The night sky was bespangled with stars. The moonlight set the sea to even more brilliant glimmering, or so it appeared now. It was no sign of weakness that this night our thoughts were mirrored in this sky; that we thought of the small familiar things. This sky looked down on the green meadow that stretches from a whitewashed barn to a brook that babbles through an American valley; upon a gray-haired, sainted woman taking an apple pie out of an oven; upon a girl with clear hazel eyes and auburn hair; in short, it looked down upon the quiet scene of home. A somber shadow cast itself upon our thoughts as we saw a star fall from out the sky across our destroyer escort, knifing its way through the sea escorting the assault force. Strange that the sky in its reflection was tainted with the knowledge that it looked down, too, upon the blackened embers of a home in Europe once filled with life and laughter, upon the rotting corpse of one of our comrades fallen somewhere along the far-flung battle line, made ghastly by the light of the moon, high in the sky. There was not much sleep on this fateful eve. We were waiting now for the first face-to-face contact with the enemy on Guam.
D-Day, the Journey’s End
General Quarters at 0300 brought an end to troubled sleep. It was the beginning of even more tense waiting. The ship was trembling from the shock of the naval bombardment pounding the defenses of Guam. A “last supper” breakfast of steak and eggs was served. Surprisingly enough there were appetites which required several steaks for satisfaction. The grim business of war was better done on a full stomach.

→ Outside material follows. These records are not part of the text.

definition gconv :: "('a, 'b) monoid_scheme \<Rightarrow> ('a \<Rightarrow> real) \<Rightarrow> ('a \<Rightarrow> real) \<Rightarrow> ('a \<Rightarrow> real)" where
  "gconv G x y = (\<lambda>g. if g \<in> carrier G
      then (\<Sum>h\<in>carrier G. x h * y (inv\<^bsub>G\<^esub> h \<otimes>\<^bsub>G\<^esub> g)) else 0)"

definition gdelta :: "('a, 'b) monoid_scheme \<Rightarrow> 'a \<Rightarrow> ('a \<Rightarrow> real)" where
  "gdelta G a = (\<lambda>g. if g = a then 1 else 0)"

primrec gpow :: "('a, 'b) monoid_scheme \<Rightarrow> ('a \<Rightarrow> real) \<Rightarrow> nat \<Rightarrow> ('a \<Rightarrow> real)" where
  "gpow G x 0 = gdelta G \<one>\<^bsub>G\<^esub>"
| "gpow G x (Suc n) = gconv G (gpow G x n) x"

definition gsupp :: "('a, 'b) monoid_scheme \<Rightarrow> ('a \<Rightarrow> real) \<Rightarrow> 'a set" where
  "gsupp G x = {g \<in> carrier G. x g \<noteq> 0}"

definition simplexS :: "('a, 'b) monoid_scheme \<Rightarrow> ('a \<Rightarrow> real) set" where
  "simplexS G = {x \<in> galg G. (\<forall>g\<in>carrier G. x g \<ge> 0) \<and> (\<Sum>g\<in>carrier G. x g) = 1}"

definition n_x :: "('a, 'b) monoid_scheme \<Rightarrow> ('a \<Rightarrow> real) \<Rightarrow> nat" where
  "n_x G x = (LEAST k. k \<ge> 1 \<and> gpow G x k \<one>\<^bsub>G\<^esub> \<noteq> 0)"

definition G_x :: "('a, 'b) monoid_scheme \<Rightarrow> ('a \<Rightarrow> real) \<Rightarrow> 'a set" where
  "G_x G x = generate G (gsupp G (gpow G x (n_x G x)))"

definition c_x :: "('a, 'b) monoid_scheme \<Rightarrow> ('a \<Rightarrow> real) \<Rightarrow> ('a \<Rightarrow> real)" where
  "c_x G x = (\<lambda>g. if g \<in> G_x G x then 1 / real (card (G_x G x)) else 0)"

definition m_x :: "('a, 'b) monoid_scheme \<Rightarrow> ('a \<Rightarrow> real) \<Rightarrow> nat" where
  "m_x G x = (LEAST k. k \<ge> 1 \<and> gsupp G (gpow G x k) \<subseteq> G_x G x)"

definition galg_sub :: "('a, 'b) monoid_scheme \<Rightarrow> 'a set \<Rightarrow> ('a \<Rightarrow> real) set" where
  "galg_sub G H = {y \<in> galg G. \<forall>g. y g \<noteq> 0 \<longrightarrow> g \<in> H}"

definition limset :: "('a, 'b) monoid_scheme \<Rightarrow> ('a \<Rightarrow> real) \<Rightarrow> ('a \<Rightarrow> real) set" where
  "limset G x = {L. \<exists>r::nat \<Rightarrow> nat. strict_mono r \<and>
       (\<lambda>k. gpow G x (Suc (r k))) \<longlonglongrightarrow> L}"

end

theory Submission
  imports Defs "HOL-Algebra.Multiplicative_Group"
begin

text \<open>
  Let H = G_x. Since the support of x^(n_x) contains the unit, the supports of the powers
  x^(n_x j) increase and eventually equal H, so some power y = x^M is supported exactly on H.
  Such a y is a c_x + u with a > 0 and u \<ge> 0 of mass 1 - a supported on H; as c_x absorbs
  every element of S supported on H, y^k = (1 - (1 - a)^k) c_x + u^k, which tends to c_x.
  Hence x^(M q + s) tends to c_x x^s; in particular x c_x = c_x x. Since x^(m_x) is supported
  on H, c_x x^s depends only on s mod m_x, so x^m - c_x x^(m mod m_x) tends to 0 and the limit
  points of (x^m) are exactly the c_x x^r with r < m_x. If x is not supported on H, the
  support H supp(x) of c_x x is larger than H, so c_x x \<noteq> c_x and S(x) is not a singleton.
\<close>

section \<open>Pointwise convergence of real functions\<close>

lemma tendsto_fun_iff:
  "((f :: 'c \<Rightarrow> 'a \<Rightarrow> real) \<longlongrightarrow> l) F \<longleftrightarrow> (\<forall>i. ((\<lambda>k. f k i) \<longlongrightarrow> l i) F)"
proof -
  have "(f \<longlongrightarrow> l) F \<longleftrightarrow> limitin (product_topology (\<lambda>_. euclidean) UNIV) f l F"
    by (simp only: euclidean_product_topology) simp
  also have "\<dots> \<longleftrightarrow> (\<forall>i. ((\<lambda>k. f k i) \<longlongrightarrow> l i) F)"
    by (simp only: limitin_componentwise) simp
  finally show ?thesis .
qed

General Quarters brought the tomorrow that seemed a hundred years away. Time was now on the run. We were at the land that we came far to see. It marked the end of our pensive moments. We were faced now with the reality of the attack.

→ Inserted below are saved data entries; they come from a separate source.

(* Let $T_1,T_2$ be equidistant trees with leaf set $X$ such that the tree topology of $T_1$ and the tree topology of $T_2$ differ by exactly one nearest neighbor interchange (NNI) move. Then every tree on the tropical line segment $\Gamma_{T_1,T_2}$ has the same tree topology as $T_1$ or as $T_2$, possibly with some branch lengths equal to $0$.
   Context: Max-plus arithmetic: $a\oplus b=\max\{a,b\}$, $a\odot b=a+b$; vectors in $\mathbb R^e$, $e=\binom{|X|}2$, coordinates indexed by pairs of leaves, considered modulo $\mathbb R\mathbf 1$. An equidistant tree is a rooted phylogenetic tree on leaf set $X$ with nonnegative edge lengths and all root-to-leaf distances equal; its ultrametric is its vector of pairwise leaf distances and determines the tree uniquely. $\Gamma_{T_1,T_2}$ is the set of trees whose ultrametrics are $a\odot u\oplus b\odot v$ ($a,b\in\mathbb R$), where $u,v$ are the ultrametrics of $T_1,T_2$. A clade is the set of leaves descending from a vertex. Two rooted tree topologies differ by one NNI move if there are pairwise disjoint nonempty leaf sets $X_1,X_2,X_3\subseteq X$ such that $X_1\cup X_2\cup X_3$ and each $X_i$ are clades in both trees, the two trees agree on the topology of each clade $X_i$ and on the topology outside the clade $X_1\cup X_2\cup X_3$, and inside the clade $X_1\cup X_2\cup X_3$ one tree has the form $((X_1,X_3),X_2)$ while the other has the form $((X_1,X_2),X_3)$ or $(X_1,(X_2,X_3))$ (i.e., the two trees group different pairs among $X_1,X_2,X_3$ into a clade). "Same tree topology with possible $0$ branch lengths" means the topology is that of $T_1$ or $T_2$ with some edges possibly having length zero (i.e., contracted). *)

theory Defs
  imports Complex_Main
begin

text \<open>A rooted phylogenetic tree topology on the finite leaf set X is encoded by its
set of clades (a hierarchy): X itself (the root), all singletons (the leaves), and
nonempty subsets of X that are pairwise nested or disjoint.\<close>

definition hierarchy :: "'a set \<Rightarrow> 'a set set \<Rightarrow> bool" where
  "hierarchy X H \<longleftrightarrow> finite X \<and> X \<noteq> {} \<and> X \<in> H \<and> (\<forall>x\<in>X. {x} \<in> H) \<and>
     (\<forall>C\<in>H. C \<noteq> {} \<and> C \<subseteq> X) \<and>
     (\<forall>A\<in>H. \<forall>B\<in>H. A \<subseteq> B \<or> B \<subseteq> A \<or> A \<inter> B = {})"

text \<open>Edge lengths: l C is the length of the edge entering the (non-root) clade C.\<close>

definition root_dist :: "'a set \<Rightarrow> 'a set set \<Rightarrow> ('a set \<Rightarrow> real) \<Rightarrow> 'a \<Rightarrow> real" where
  "root_dist X H l x = (\<Sum>C\<in>{C\<in>H. C \<noteq> X \<and> x \<in> C}. l C)"

definition tree_dist :: "'a set \<Rightarrow> 'a set set \<Rightarrow> ('a set \<Rightarrow> real) \<Rightarrow> 'a \<Rightarrow> 'a \<Rightarrow> real" where
  "tree_dist X H l x y = (\<Sum>C\<in>{C\<in>H. C \<noteq> X \<and> (x \<in> C) \<noteq> (y \<in> C)}. l C)"

definition equidistant_tree :: "'a set \<Rightarrow> 'a set set \<Rightarrow> ('a set \<Rightarrow> real) \<Rightarrow> bool" where
  "equidistant_tree X H l \<longleftrightarrow> hierarchy X H \<and> (\<forall>C\<in>H. C \<noteq> X \<longrightarrow> 0 \<le> l C) \<and>
     (\<forall>x\<in>X. \<forall>y\<in>X. root_dist X H l x = root_dist X H l y)"

definition same_ultrametric ::
  "'a set \<Rightarrow> 'a set set \<Rightarrow> ('a set \<Rightarrow> real) \<Rightarrow> 'a set set \<Rightarrow> ('a set \<Rightarrow> real) \<Rightarrow> bool" where
  "same_ultrametric X H l H' l' \<longleftrightarrow>
     (\<forall>x\<in>X. \<forall>y\<in>X. x \<noteq> y \<longrightarrow> tree_dist X H l x y = tree_dist X H' l' x y)"

text \<open>Tree (H,l) lies on the tropical line segment Gamma through (H1,l1),(H2,l2):
its ultrametric is (a \<odot> u) \<oplus> (b \<odot> v) for some reals a b (the free shifts a, b
absorb the quotient by R*1).\<close>

definition on_tropical_segment ::
  "'a set \<Rightarrow> 'a set set \<Rightarrow> ('a set \<Rightarrow> real) \<Rightarrow> 'a set set \<Rightarrow> ('a set \<Rightarrow> real)
     \<Rightarrow> 'a set set \<Rightarrow> ('a set \<Rightarrow> real) \<Rightarrow> bool" where
  "on_tropical_segment X H1 l1 H2 l2 H l \<longleftrightarrow> equidistant_tree X H l \<and>
     (\<exists>a b::real. \<forall>x\<in>X. \<forall>y\<in>X. x \<noteq> y \<longrightarrow>
        tree_dist X H l x y = max (a + tree_dist X H1 l1 x y) (b + tree_dist X H2 l2 x y))"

Up on deck, in the dawn’s early light, rockets were now falling like stars. The battle fleet, too, was firing star shells. The island of Guam and the sea were rocked by the salvos of fire that pounded the shore. The early light of dawn was reddened by gun flashes ripping the coast. Cruisers and battleships belched out steel in salvo after salvo. The whole scene seemed to be in a paroxysm.
Finally the curtain of night slowly rose and the morning broke. What a contrast the noise of this scene of July 21, 1944, presented to the usual matutinal sounds of a similar summer day at home. The morning light revealed the island at the journey’s end. Its silent valleys gave it the appearance of calm. Its size surprised most of us. The Harmon Road stretched out from the town of Agat toward Mt. Alifan as it appeared in our minds. A group of large cumulus clouds, “cloudland’s fleecy argosy,” glided by. The green-clad hills, the palm and pandanus trees ringing the beach gave the island a quiet beauty, a beauty marred by the knowledge that the dirty little yellow bastards had overrun this island possession and now awaited our assault to push them oil.

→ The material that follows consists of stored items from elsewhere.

lemma smooth_Smat_eigs_deriv_bounds:
  fixes fa fb :: "real \<times> 'a::euclidean_space \<Rightarrow> real" and I :: "real set"
  assumes sa: "smooth_bdd_on \<Omega> fa" and sb: "smooth_bdd_on \<Omega> fb"
    and L: "\<And>p. p \<in> \<Omega> \<Longrightarrow> \<bar>dderiv [(1, 0)] fa p\<bar> \<le> L"
    and M: "\<And>p. p \<in> \<Omega> \<Longrightarrow> \<bar>dderiv [(1, 0), (1, 0)] fb p\<bar> \<le> M"
    and I: "open I" "t \<in> I" "{t..t + fa (t, X)} \<subseteq> I" "\<And>s. s \<in> I \<Longrightarrow> (s, X) \<in> \<Omega>"
    and cusp: "\<And>s. s \<in> I \<Longrightarrow> 0 < fa (s, X) \<and> 27 * (fb (s, X))^2 \<le> 4 * (fa (s, X))^3"
    and small: "fa (t, X) < 1/10"
  shows "\<exists>D1 D2 D3.
      ((\<lambda>s. lam1 (Smat (fa (s, X)) (fb (s, X)))) has_real_derivative D1) (at t) \<and>
      ((\<lambda>s. lam2 (Smat (fa (s, X)) (fb (s, X)))) has_real_derivative D2) (at t) \<and>
      ((\<lambda>s. lam3 (Smat (fa (s, X)) (fb (s, X)))) has_real_derivative D3) (at t) \<and>
      \<bar>D1\<bar> \<le> (111 * L + 54 * ((1 + L)^2 + 1 + M)) * fa (t, X) \<and>
      \<bar>D2\<bar> \<le> 111 * L + 54 * ((1 + L)^2 + 1 + M) \<and> \<bar>D3\<bar> \<le> 111 * L + 54 * ((1 + L)^2 + 1 + M)"
  using I(1-3) small
proof (rule Smat_eigs_deriv_bounds[where \<alpha>' = "\<lambda>s. dderiv [(1, 0)] fa (s, X)"
      and \<beta>' = "\<lambda>s. dderiv [(1, 0)] fb (s, X)" and \<beta>'' = "\<lambda>s. dderiv [(1, 0), (1, 0)] fb (s, X)"])
  fix s assume "s \<in> I"
  with I(4) have s: "(s, X) \<in> \<Omega>" .
  from L[OF s] M[OF s] smooth_bdd_on_time_derivatives[OF sa s] smooth_bdd_on_time_derivatives[OF sb s]
  show "((\<lambda>s. fa (s, X)) has_real_derivative dderiv [(1, 0)] fa (s, X)) (at s)"
    "\<bar>dderiv [(1, 0)] fa (s, X)\<bar> \<le> L"
    "((\<lambda>s. fb (s, X)) has_real_derivative dderiv [(1, 0)] fb (s, X)) (at s)"
    "((\<lambda>s. dderiv [(1, 0)] fb (s, X)) has_real_derivative dderiv [(1, 0), (1, 0)] fb (s, X)) (at s)"
    "\<bar>dderiv [(1, 0), (1, 0)] fb (s, X)\<bar> \<le> M"
    by simp_all
qed (use cusp in auto)
lemma demanded_resource_available:
  assumes fin: "finite (rd_act r)" and val_empty: "rd_val r {} = 0"
    and val_lt_1: "\<forall>B. B \<subseteq> rd_act r \<longrightarrow> rd_val r B < 1"
    and dom_s: "dom s = rd_act r" and feas: "feasible s p" and i: "i \<in> demand r p"
  shows "1 \<le> the (s i)"
proof -
  have i_act: "i \<in> rd_act r" using i demand_subset[OF fin] by blast
  have pos: "\<forall>i\<in>rd_act r. 0 < the (p i)" using feas dom_s unfolding feasible_def by auto
  have "s i \<noteq> Some 0"
  proof
    assume "s i = Some 0"
    then have "p i = Some 1" using feas i_act dom_s unfolding feasible_def by auto
    then show False using price_lt_1_if_demanded[OF fin val_empty val_lt_1 pos i] by simp
  qed
  then show ?thesis using i_act dom_s by (cases "s i") auto
qed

The sea was soon choked with craft. One could not but be stunned with the massing and brandishing of skill and purpose assembled here. It surpassed all imagination. Since the troops aboard the vessel on which we stood were not to be landed until after H-hour, we had a rare opportunity to watch the prelude. During the feverish preparations aboard and the resultant noises, someone asked if we had heard a strange horn call. Before anyone could answer a wag replied, “Yes, and it’s Gabriel’s!” This was a prophetic jest!
The thundering of the warships beat into a deafening crescendo at 0800. A destroyer was at the reef line firing point-blank into the shore defenses. The cruisers stood off to our right and plastered Mt. Alifan, and the known location of the Nip headquarters; the battleships wove in and out and bellowed at the island. The LCI’s poured small caliber fire and rockets into the beaches. Even now the small landing boats were approaching the assembly line where their personnel were shifted into amphibious tractors for the reef crossing.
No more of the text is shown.